A trégua negociada entre russos e norte americanos entrou em vigor há apenas 5 dias. Até agora tem sido respeitada. Os habitantes de Alepo, muçulmanos, puderam celebrar a festa do sacrifício (Eid al Adha) nas ruas e nas praças, sem ter medo dos bombardeios e das bombas de gás cheias de prego e explosivos que os rebeldes lançam sobre a cidade, desde há 4 anos e 2 meses, produzindo todos os dias muitas vítimas. Até agora não houve uma matança como aconteceu há 70 dias, por ocasião da festa do Fitr, quando as bombas jogadas em zonas civis, nas ruas cheias de famílias celebrando, fizeram dezenas de mortos, principalmente crianças. Mesmo assim, os habitantes de Alepo estão alertas, são céticos em relação ao respeito da trégua, visto que ela não se refere aos dois grupos reconhecidos como terroristas pela comunidade internacional, Daech e Al-Nusra.

A situação se tornou novamente muito complicada. Agora existe uma internacionalização do conflito sobre o terreno. De um lado está a Turquia, que durante anos apoiou os terroristas, deixando que transitassem por suas fronteiras com suas armas. Ela se converteu em protagonista no conflito. De fato, o seu exército entrou na Síria (sem o acordo do país, que é um estado soberano, membro fundador da ONU) para, presumivelmente, combater ao Daech, mas, na verdade, é principalmente para lutar contra as milícias curdas que controlam várias localidades e cidades da zona da fronteira, na parte síria, ao sul da Turquia. Essas milícias são apoiadas, aconselhadas e armadas pelos americanos, que são, em princípio, aliados da Turquia. Que confusão!
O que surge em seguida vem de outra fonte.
lemma sum_lookup_orientation_monom_bipartite:
  assumes "finite S" "finite T" "\<forall>e\<in>S. a e \<in> T \<and> b e \<notin> T" "B \<subseteq> S"
  shows "(\<Sum>t\<in>T. Poly_Mapping.lookup (orientation_monom a b S B) t) = card B"
proof -
  have "{e\<in>S. (if e \<in> B then a e else b e) \<in> T} = B"
    using assms(3,4) by auto
  then show ?thesis
    unfolding orientation_monom_def sum_lookup_sum_single_one[OF assms(1,2)] by simp
qed

lemma prod_Var_diff_eq_sum_orientations:
  assumes "finite S"
  shows "(\<Prod>e\<in>S. Var (a e) - Var (b e)) =
    (\<Sum>B\<in>Pow S. Poly_Mapping.single (orientation_monom a b S B) ((-1) ^ card (S - B)))"
proof -
  have "(\<Prod>e\<in>S. Var (a e) - Var (b e)) = (\<Prod>e\<in>S. Var (a e) + (- Var (b e)))"
    by simp
  also have "\<dots> = (\<Sum>B\<in>Pow S. (\<Prod>e\<in>B. Var (a e)) * (\<Prod>e\<in>S - B. - Var (b e)))"
    by (rule prod_add[OF assms])
  also have "\<dots> = (\<Sum>B\<in>Pow S.
      Poly_Mapping.single (orientation_monom a b S B) ((-1) ^ card (S - B)))"
  proof (rule sum.cong[OF refl])
    fix B assume "B \<in> Pow S"
    then have B: "B \<subseteq> S" "finite B" "finite (S - B)"
      using assms finite_subset by auto
    show "(\<Prod>e\<in>B. Var (a e)) * (\<Prod>e\<in>S - B. - Var (b e)) =
        Poly_Mapping.single (orientation_monom a b S B) ((-1) ^ card (S - B))"
      unfolding Var_def single_uminus[symmetric] prod_single[OF B(2)] prod_single[OF B(3)]
        orientation_monom_split[OF assms B(1)] mult_single
      by simp
  qed
  finally show ?thesis .
qed

text \<open>When every edge runs from \<open>T\<close> to its complement, \<open>|B|\<close> is the degree of the monomial in
  the variables of \<open>T\<close>, so all orientations producing a given monomial carry the same sign.\<close>

lemma lookup_prod_Var_diff_bipartite:
  assumes "finite S" "finite T" "\<forall>e\<in>S. a e \<in> T \<and> b e \<notin> T"
  shows "Poly_Mapping.lookup (\<Prod>e\<in>S. Var (a e) - Var (b e)) m =
    (-1) ^ (card S - (\<Sum>t\<in>T. Poly_Mapping.lookup m t)) *
      of_nat (card {B\<in>Pow S. orientation_monom a b S B = m})"
proof -
  let ?Bs = "{B\<in>Pow S. orientation_monom a b S B = m}"
  have "Poly_Mapping.lookup (\<Prod>e\<in>S. Var (a e) - Var (b e)) m =
      (\<Sum>B\<in>Pow S. if orientation_monom a b S B = m then (-1) ^ card (S - B) else 0)"
    unfolding prod_Var_diff_eq_sum_orientations[OF assms(1)] lookup_sum lookup_single
    by (simp add: when_def)
  also have "\<dots> = (\<Sum>B\<in>?Bs. (-1) ^ card (S - B))"
    using assms(1) by (intro sum.inter_filter[symmetric]) simp
  also have "\<dots> = (\<Sum>B\<in>?Bs. (-1) ^ (card S - (\<Sum>t\<in>T. Poly_Mapping.lookup m t)))"
  proof (rule sum.cong[OF refl])
    fix B assume "B \<in> ?Bs"
    then have "B \<subseteq> S" "orientation_monom a b S B = m"
      by auto
    then have "card (S - B) = card S - (\<Sum>t\<in>T. Poly_Mapping.lookup m t)"
      using sum_lookup_orientation_monom_bipartite[OF assms] assms(1)
      by (metis card_Diff_subset finite_subset)
    then show "(-1::rat) ^ card (S - B) = (-1) ^ (card S - (\<Sum>t\<in>T. Poly_Mapping.lookup m t))"
      by simp
  qed
  finally show ?thesis
    by simp
qed

lemma lookup_prod_Var_diff_bipartite_nonzero_iff:
  assumes "finite S" "finite T" "\<forall>e\<in>S. a e \<in> T \<and> b e \<notin> T"
  shows "Poly_Mapping.lookup (\<Prod>e\<in>S. Var (a e) - Var (b e)) m \<noteq> 0 \<longleftrightarrow>
    (\<exists>B\<subseteq>S. orientation_monom a b S B = m)"
proof -
  have "finite {B\<in>Pow S. orientation_monom a b S B = m}"
    using assms(1) by simp
  then show ?thesis
    unfolding lookup_prod_Var_diff_bipartite[OF assms] by auto
qed

lemma nat_ceiling_half: "nat \<lceil>real n / 2\<rceil> = (n + 1) div 2"
proof -
  have "\<lceil>real n / 2\<rceil> = int ((n + 1) div 2)"
    by (rule ceiling_unique) linarith+
  then show ?thesis
    by simp
qed

lemma alon_tarsi_number_eqI:
  assumes "0 < N"
    and lower: "\<And>m. Poly_Mapping.lookup (graph_poly N E) m \<noteq> 0 \<Longrightarrow>
      \<exists>t<N. k \<le> Poly_Mapping.lookup m t"
    and witness: "Poly_Mapping.lookup (graph_poly N E) m\<^sub>0 \<noteq> 0"
      "\<And>t. t < N \<Longrightarrow> Poly_Mapping.lookup m\<^sub>0 t \<le> k"
  shows "alon_tarsi_number N E = 1 + k"
proof -
  let ?max_exp = "\<lambda>m. Max ((\<lambda>t. Poly_Mapping.lookup m t) ` {..<N})"
  let ?M = "{m. Poly_Mapping.lookup (graph_poly N E) m \<noteq> 0}"
  have "?M = Poly_Mapping.keys (graph_poly N E)"
    by (auto simp: in_keys_iff)
  then have "finite (?max_exp ` ?M)"
    by simp
  moreover have "k \<le> ?max_exp m" if "m \<in> ?M" for m
    using lower[of m] that by (auto intro: Max_ge_iff[THEN iffD2])
  moreover have "?max_exp m\<^sub>0 = k"
    using witness \<open>0 < N\<close> lower[OF witness(1)]
    by (intro antisym Max.boundedI) (auto intro: Max_ge_iff[THEN iffD2])
  ultimately have "Min (?max_exp ` ?M) = k"
    using witness(1) by (intro Min_eqI) force+
  then show ?thesis
    unfolding alon_tarsi_number_def by simp
qed

lemma graph_poly_Knn:
  "graph_poly (2 * n) (Knn n) = (\<Prod>e\<in>{..<n} \<times> {n..<2 * n}. Var (fst e) - Var (snd e))"
proof -
  have "{(i, j). i < j \<and> j < 2 * n \<and> Knn n i j} = {..<n} \<times> {n..<2 * n}"
    unfolding Knn_def by auto
  then show ?thesis
    unfolding graph_poly_def by (simp add: case_prod_beta')
qed

lemma lookup_graph_poly_Knn_nonzero_iff:
  "Poly_Mapping.lookup (graph_poly (2 * n) (Knn n)) m \<noteq> 0 \<longleftrightarrow>
    (\<exists>B\<subseteq>{..<n} \<times> {n..<2 * n}. orientation_monom fst snd ({..<n} \<times> {n..<2 * n}) B = m)"
  unfolding graph_poly_Knn
  by (rule lookup_prod_Var_diff_bipartite_nonzero_iff[where T = "{..<n}"]) auto

lemma Knn_exponent_lower_bound:
  assumes "0 < n" "Poly_Mapping.lookup (graph_poly (2 * n) (Knn n)) m \<noteq> 0"
  shows "\<exists>t<2 * n. n \<le> 2 * Poly_Mapping.lookup m t"
proof (rule ccontr)
  assume "\<not> ?thesis"
  then have small: "2 * Poly_Mapping.lookup m t < n" if "t < 2 * n" for t
    using that by fastforce
  obtain B where "orientation_monom fst snd ({..<n} \<times> {n..<2 * n}) B = m"
    using assms(2) lookup_graph_poly_Knn_nonzero_iff by blast
  then have "2 * (n * n) = 2 * (\<Sum>t<2 * n. Poly_Mapping.lookup m t)"
    using sum_lookup_orientation_monom[of "{..<n} \<times> {n..<2 * n}" "{..<2 * n}" fst snd B]
    by auto
  also have "\<dots> = (\<Sum>t<2 * n. 2 * Poly_Mapping.lookup m t)"
    by (rule sum_distrib_left)
  also have "\<dots> < (\<Sum>t<2 * n. n)"
    using small \<open>0 < n\<close> by (intro sum_strict_mono) (auto simp: lessThan_empty_iff)
  also have "\<dots> = 2 * (n * n)"
    by simp
  finally show False
    by simp
qed

lemma mod_eq_imp_eq_int:
  fixes x y n :: int
  assumes "x mod n = y mod n" "\<bar>x - y\<bar> < n"
  shows "x = y"
proof -
  have "n dvd x - y"
    using assms(1) by (simp add: mod_eq_dvd_iff)
  show ?thesis
  proof (rule ccontr)
    assume "x \<noteq> y"
    then have "\<bar>n\<bar> \<le> \<bar>x - y\<bar>"
      using dvd_imp_le_int \<open>n dvd x - y\<close> by simp
    then show False
      using assms(2) by linarith
  qed
qed

text \<open>The residues \<open>(b - a) mod n\<close> of the edges at a fixed vertex are distinct, which
  bounds the in-degrees on the left by \<open>k\<close> and on the right by \<open>n - k\<close>.\<close>

definition circulant_orientation :: "nat \<Rightarrow> nat \<Rightarrow> (nat \<times> nat) set" where
  "circulant_orientation n k =
    {(a, b) \<in> {..<n} \<times> {n..<2 * n}. (int b - int a) mod int n < int k}"

lemma circulant_orientation_subset:
  "circulant_orientation n k \<subseteq> {..<n} \<times> {n..<2 * n}"
  unfolding circulant_orientation_def by auto

lemma card_circulant_orientation_left:
  "card {e \<in> circulant_orientation n k. fst e = a} \<le> k"
proof -
  let ?A = "{e \<in> circulant_orientation n k. fst e = a}"
  let ?r = "\<lambda>e. (int (snd e) - int (fst e)) mod int n"
  have "inj_on ?r ?A"
  proof (rule inj_onI)
    fix e e' assume e: "e \<in> ?A" and e': "e' \<in> ?A" and "?r e = ?r e'"
    have "int (snd e) - int a = int (snd e') - int a"
    proof (rule mod_eq_imp_eq_int)
      show "(int (snd e) - int a) mod int n = (int (snd e') - int a) mod int n"
        using e e' \<open>?r e = ?r e'\<close> by simp
      show "\<bar>(int (snd e) - int a) - (int (snd e') - int a)\<bar> < int n"
        using e e' unfolding circulant_orientation_def by auto
    qed
    then show "e = e'"
      using e e' by (simp add: prod_eq_iff)
  qed
  moreover have "?r ` ?A \<subseteq> {0..<int k}"
    unfolding circulant_orientation_def by auto
  ultimately have "card ?A \<le> card {0..<int k}"
    by (rule card_inj_on_le) simp
  then show ?thesis
    by simp
qed

lemma card_circulant_orientation_right:
  "card {e \<in> {..<n} \<times> {n..<2 * n} - circulant_orientation n k. snd e = b} \<le> n - k"
proof -
  let ?A = "{e \<in> {..<n} \<times> {n..<2 * n} - circulant_orientation n k. snd e = b}"
  let ?r = "\<lambda>e. (int (snd e) - int (fst e)) mod int n"
  have "inj_on ?r ?A"
  proof (rule inj_onI)
    fix e e' assume e: "e \<in> ?A" and e': "e' \<in> ?A" and "?r e = ?r e'"
    have "int b - int (fst e) = int b - int (fst e')"
    proof (rule mod_eq_imp_eq_int)
      show "(int b - int (fst e)) mod int n = (int b - int (fst e')) mod int n"
        using e e' \<open>?r e = ?r e'\<close> by simp
      show "\<bar>(int b - int (fst e)) - (int b - int (fst e'))\<bar> < int n"
        using e e' by auto
    qed
    then show "e = e'"
      using e e' by (simp add: prod_eq_iff)
  qed
  moreover have "?r ` ?A \<subseteq> {int k..<int n}"
    unfolding circulant_orientation_def by auto
  ultimately have "card ?A \<le> card {int k..<int n}"
    by (rule card_inj_on_le) simp
  then show ?thesis
    by simp
qed

lemma lookup_circulant_orientation_monom:
  fixes n k t :: nat
  defines "S \<equiv> {..<n} \<times> {n..<2 * n}"
  shows "Poly_Mapping.lookup (orientation_monom fst snd S (circulant_orientation n k)) t \<le>
    max k (n - k)"
proof -
  let ?C = "circulant_orientation n k"
  have lookup: "Poly_Mapping.lookup (orientation_monom fst snd S ?C) t =
      card {e \<in> ?C. fst e = t} + card {e \<in> S - ?C. snd e = t}"
    using circulant_orientation_subset unfolding S_def by (intro lookup_orientation_monom) auto
  show ?thesis
  proof (cases "t < n")
    case True
    then have no_right: "{e \<in> S - ?C. snd e = t} = {}"
      unfolding S_def by auto
    show ?thesis
      unfolding lookup no_right using card_circulant_orientation_left[of n k t] by simp
  next
    case False
    then have no_left: "{e \<in> ?C. fst e = t} = {}"
      unfolding circulant_orientation_def by auto
    show ?thesis
      unfolding lookup no_left
      using card_circulant_orientation_right[of n k t, folded S_def] by simp
  qed
qed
Por outro lado, os Estados Unidos admitiram que os turcos tenham uma base na Síria, com forças especiais perto de Hasaka, no leste do país. Enfim, não se fala mais da retomada das negociações e as posições permanecem imutáveis.
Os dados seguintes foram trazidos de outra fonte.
(* Let $q$ be a prime power and $m\ge1$. Let $H\subseteq\mathbb{F}_{q^m}$ be an $\mathbb{F}_q$-subspace of dimension $h$ over $\mathbb{F}_q$ with $1\le h\le m-2$. Let $x\in\mathbb{F}_{q^m}\setminus H$ and $y\in\mathbb{F}_{q^m}$. Then there exists $\alpha\in\mathbb{F}_{q^m}\setminus H$ such that $x+\alpha y\notin H\oplus\langle\alpha\rangle$, where $\langle\alpha\rangle$ denotes the $\mathbb{F}_q$-span of $\alpha$. *)

theory Defs
  imports "HOL-Computational_Algebra.Primes"
begin

definition is_subfield :: "'a::field set \<Rightarrow> bool" where
  "is_subfield F \<longleftrightarrow> 0 \<in> F \<and> 1 \<in> F \<and>
     (\<forall>x\<in>F. \<forall>y\<in>F. x + y \<in> F \<and> x * y \<in> F) \<and>
     (\<forall>x\<in>F. - x \<in> F) \<and> (\<forall>x\<in>F. x \<noteq> 0 \<longrightarrow> inverse x \<in> F)"

definition F_subspace :: "'a::field set \<Rightarrow> 'a set \<Rightarrow> bool" where
  "F_subspace F H \<longleftrightarrow> 0 \<in> H \<and> (\<forall>x\<in>H. \<forall>y\<in>H. x + y \<in> H) \<and>
     (\<forall>c\<in>F. \<forall>x\<in>H. c * x \<in> H)"

definition F_span :: "'a::field set \<Rightarrow> 'a set \<Rightarrow> 'a set" where
  "F_span F S = {\<Sum>s\<in>T. c s * s | T c. finite T \<and> T \<subseteq> S \<and> (\<forall>s\<in>T. c s \<in> F)}"

definition F_indep :: "'a::field set \<Rightarrow> 'a set \<Rightarrow> bool" where
  "F_indep F S \<longleftrightarrow> (\<forall>T c. finite T \<and> T \<subseteq> S \<and> (\<forall>s\<in>T. c s \<in> F) \<and>
       (\<Sum>s\<in>T. c s * s) = 0 \<longrightarrow> (\<forall>s\<in>T. c s = 0))"

definition F_dim_eq :: "'a::field set \<Rightarrow> 'a set \<Rightarrow> nat \<Rightarrow> bool" where
  "F_dim_eq F H h \<longleftrightarrow> (\<exists>B. finite B \<and> card B = h \<and> B \<subseteq> H \<and> F_indep F B \<and> F_span F B = H)"

text \<open>The sum H + <a> (direct when a is not in H).\<close>
definition F_sum_line :: "'a::field set \<Rightarrow> 'a set \<Rightarrow> 'a \<Rightarrow> 'a set" where
  "F_sum_line F H a = {u + c * a | u c. u \<in> H \<and> c \<in> F}"

definition prime_power :: "nat \<Rightarrow> bool" where
  "prime_power q \<longleftrightarrow> (\<exists>p k. prime p \<and> k \<ge> 1 \<and> q = p ^ k)"

end

theory Submission
  imports Defs "HOL-Library.FuncSet"
begin

text \<open>
  A counting argument. If \<open>x + \<alpha> y = u + c \<alpha>\<close> with \<open>u \<in> H\<close>, \<open>c \<in> F\<close>, then either \<open>c = y\<close>,
  forcing \<open>x = u \<in> H\<close>, or \<open>\<alpha> = (u - x) / (y - c)\<close>. So every bad \<open>\<alpha>\<close> lies in \<open>H\<close> or among
  at most \<open>q \<cdot> |H|\<close> quotients, i.e. in a set of size at most \<open>(q + 1) q\<^sup>h < q\<^sup>h\<^sup>+\<^sup>2 \<le> q\<^sup>m\<close>.
\<close>

lemma card_F_span_le:
  fixes F :: "'a::field set"
  assumes "finite B" "0 \<in> F" "finite F"
  shows "card (F_span F B) \<le> card F ^ card B"
proof -
  let ?comb = "\<lambda>c. \<Sum>s\<in>B. c s * s"
  have span_sub: "F_span F B \<subseteq> ?comb ` (B \<rightarrow>\<^sub>E F)"
  proof
    fix z assume "z \<in> F_span F B"
    then obtain T c where T: "finite T" "T \<subseteq> B" "\<forall>s\<in>T. c s \<in> F" and z: "z = (\<Sum>s\<in>T. c s * s)"
      unfolding F_span_def by blast
    define c' where "c' = restrict (\<lambda>s. if s \<in> T then c s else 0) B"
    have "c' \<in> B \<rightarrow>\<^sub>E F" using T assms(2) unfolding c'_def by auto
    moreover have "?comb c' = (\<Sum>s\<in>B. if s \<in> T then c s * s else 0)"
      unfolding c'_def by (rule sum.cong) auto
    moreover have "\<dots> = z"
      using T assms(1) z by (simp add: sum.If_cases Int_absorb1 Int_commute)
    ultimately show "z \<in> ?comb ` (B \<rightarrow>\<^sub>E F)" by force
  qed
  have finite_PiE_B: "finite (B \<rightarrow>\<^sub>E F)" using assms by (auto intro!: finite_PiE)
  have "card (F_span F B) \<le> card (?comb ` (B \<rightarrow>\<^sub>E F))"
    using span_sub finite_PiE_B by (intro card_mono) auto
  also have "\<dots> \<le> card (B \<rightarrow>\<^sub>E F)" using finite_PiE_B by (rule card_image_le)
  also have "\<dots> = card F ^ card B" using assms by (simp add: card_PiE)
  finally show ?thesis .
qed

lemma card_le_if_F_dim_eq:
  fixes F :: "'a::field set"
  assumes "F_dim_eq F H h" "0 \<in> F" "finite F"
  shows "card H \<le> card F ^ h"
  using assms card_F_span_le unfolding F_dim_eq_def by blast

lemma card_subfield_ge_2:
  fixes F :: "'a::field set"
  assumes "is_subfield F" "finite F"
  shows "card F \<ge> 2"
proof -
  have "{0, 1} \<subseteq> F" using assms(1) unfolding is_subfield_def by auto
  then have "card {0::'a, 1} \<le> card F" using assms(2) by (rule card_mono[rotated])
  then show ?thesis by simp
qed

lemma F_sum_line_mem_imp_quotient:
  fixes F :: "'a::field set"
  assumes "x + \<alpha> * y \<in> F_sum_line F H \<alpha>" "x \<notin> H"
  shows "\<alpha> \<in> (\<lambda>(c, u). (u - x) / (y - c)) ` (F \<times> H)"
proof -
  obtain u c where u: "u \<in> H" "c \<in> F" "x + \<alpha> * y = u + c * \<alpha>"
    using assms(1) unfolding F_sum_line_def by blast
  have "c \<noteq> y"
  proof
    assume "c = y"
    with u(3) have "x = u" by (simp add: mult.commute)
    with u(1) assms(2) show False by simp
  qed
  with u(3) have "\<alpha> = (u - x) / (y - c)" by (simp add: field_simps)
  with u(1,2) show ?thesis by force
qed

lemma card_Un_quotients_le:
  fixes F :: "'a::field set"
  assumes "finite F" "finite H"
  shows "card (H \<union> (\<lambda>(c, u). (u - x) / (y - c)) ` (F \<times> H)) \<le> (card F + 1) * card H"
proof -
  let ?Q = "(\<lambda>(c, u). (u - x) / (y - c)) ` (F \<times> H)"
  have "card (H \<union> ?Q) \<le> card H + card ?Q" by (rule card_Un_le)
  also have "card ?Q \<le> card (F \<times> H)" using assms by (intro card_image_le) simp
  also have "card (F \<times> H) = card F * card H" by (rule card_cartesian_product)
  finally show ?thesis by simp
qed

lemma succ_mult_power_less_power_add_2:
  fixes q h :: nat
  assumes "q \<ge> 2"
  shows "(q + 1) * q ^ h < q ^ (h + 2)"
proof -
  have "q + 1 < q * q" using assms mult_le_mono1[OF assms, of q] by linarith
  then have "(q + 1) * q ^ h < q * q * q ^ h"
    using assms by (intro mult_strict_right_mono) auto
  then show ?thesis by (simp add: power_add mult.commute mult.left_commute)
qed

theorem lemma3p7:
  fixes F :: "'a::{field,finite} set" and q m h :: nat and H :: "'a set" and x y :: 'a
  assumes "is_subfield F" and "card F = q" and "prime_power q"
    and "m \<ge> 1" and "card (UNIV :: 'a set) = q ^ m"
    and "F_subspace F H" and "F_dim_eq F H h" and "1 \<le> h" and "h \<le> m - 2"
    and "x \<notin> H"
  shows "\<exists>\<alpha>. \<alpha> \<notin> H \<and> x + \<alpha> * y \<notin> F_sum_line F H \<alpha>"
proof -
  define bad where "bad = H \<union> (\<lambda>(c, u). (u - x) / (y - c)) ` (F \<times> H)"
  have q2: "q \<ge> 2" using card_subfield_ge_2[OF assms(1)] assms(2) by simp
  have "0 \<in> F" using assms(1) unfolding is_subfield_def by simp
  then have "card H \<le> q ^ h" using card_le_if_F_dim_eq[OF assms(7)] assms(2) by simp
  then have "card bad \<le> (q + 1) * q ^ h"
    using card_Un_quotients_le[of F H x y] assms(2) unfolding bad_def
    by (metis finite mult_le_mono2 order_trans)
  also have "\<dots> < q ^ (h + 2)" using q2 by (rule succ_mult_power_less_power_add_2)
  also have "\<dots> \<le> q ^ m" using assms(8,9) q2 by (intro power_increasing) auto
  finally obtain \<alpha> where "\<alpha> \<notin> bad"
    using assms(5) by (metis UNIV_I card_mono finite not_le subsetI)
  then show ?thesis
    using F_sum_line_mem_imp_quotient[OF _ assms(10)] unfolding bad_def by blast
qed

end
Alepo, nossa cidade, continua sofrendo. Os meios de comunicação ocidentais colocam o conflito na vitrina mediática. Os habitantes da cidade evitariam com prazer essa fama. Sofrem há 4 anos e desejam que esse pesadelo termine. Ficam revoltados quando se fala somente do sofrimento das pessoas de alguns bairros controlados pelos rebeldes e terroristas, com cerca de 250 mil habitantes. O sofrimento de um milhão e meio de pessoas, que vivem no outro lado da cidade, não é notícia. Ficam revoltados com as dezenas de morteiros, foguetes e bombas de gás que diariamente caem entre os civis, sem que alguém proteste. Estão revoltados com o corte total da eletricidade por longos períodos, pois as centrais elétricas se encontram na parte rebelde. Estão revoltados com a falta de água durante o calor do verão (40 graus na sombra), obrigados a utilizar a água de 300 poços cavados em plena cidade durante os dois últimos anos. Estão revoltados com o cerco que é realizado de tempo em tempo e pela escassez de tudo, que se segue. Estão revoltados pelo fato que, cada vez que o exército sírio avança um pouco ou ganha uma batalha para liberar o cerco imposto a Alepo pelos terroristas, os governantes e os meios de comunicação denunciam tal ação como crime contra a humanidade e promovem uma trégua para bloquear a conquista do exército do governo sírio.

 

Os dramas que vemos e vivemos são tantos que sem parar nos encontramos indignados. Aqui estão alguns exemplos:

  • Mahmoud, um menino de 6 anos de idade, sem pai, nasceu sem braços. Vivia com sua mãe, sua irmã e tio em uma pequena cidade da região de Alepo controlada pelo Daech. Este grupo impede que as pessoas que moram nas zonas controladas por eles deixem o local, pois as usam como escudos humanos. A família, como tantas outras, decidiu deixar a cidade de noite para vir para Alepo. Mahmoud estava sendo levado pelo tio quando uma mina, colocada pelo Daech, explodiu, matando o tio e ferindo gravemente as pernas da criança. Tivemos que amputá-las. E assim, Mahmoud não tem nem braços nem pernas. Revolta e compaixão.
  • O projeto imobiliário “1070” se compõe de dezenas de edifícios que não foram concluídos por causa da guerra, sem paredes, sem sanitários, apenas com o piso e teto. Estavam ocupados por centenas de famílias desalojadas. Abandonaram seus apartamentos em julho de 2012, quando os rebeldes invadiram seus bairros e se refugiaram na zona de Alepo sob o comando do exército sírio. Primeiro tinham se alojado nas escolas públicas e depois foram colocadas no “1070”, onde se instalaram usando lonas como paredes, caixas para a água e cubos como sanitários. Há um mês, “1070”, durante vários dias, o local foi alvo de disparos de morteiros e foguetes lançados por terroristas da Al-Nusra, que depois invadiram o local. As pessoas foram desalojadas novamente, pela terceira vez, tendo que abandonar seus parentes mortos e as poucas coisas que haviam adquirido durante 4 anos de miséria e ir viver em tendas, na periferia. Compaixão e revolta!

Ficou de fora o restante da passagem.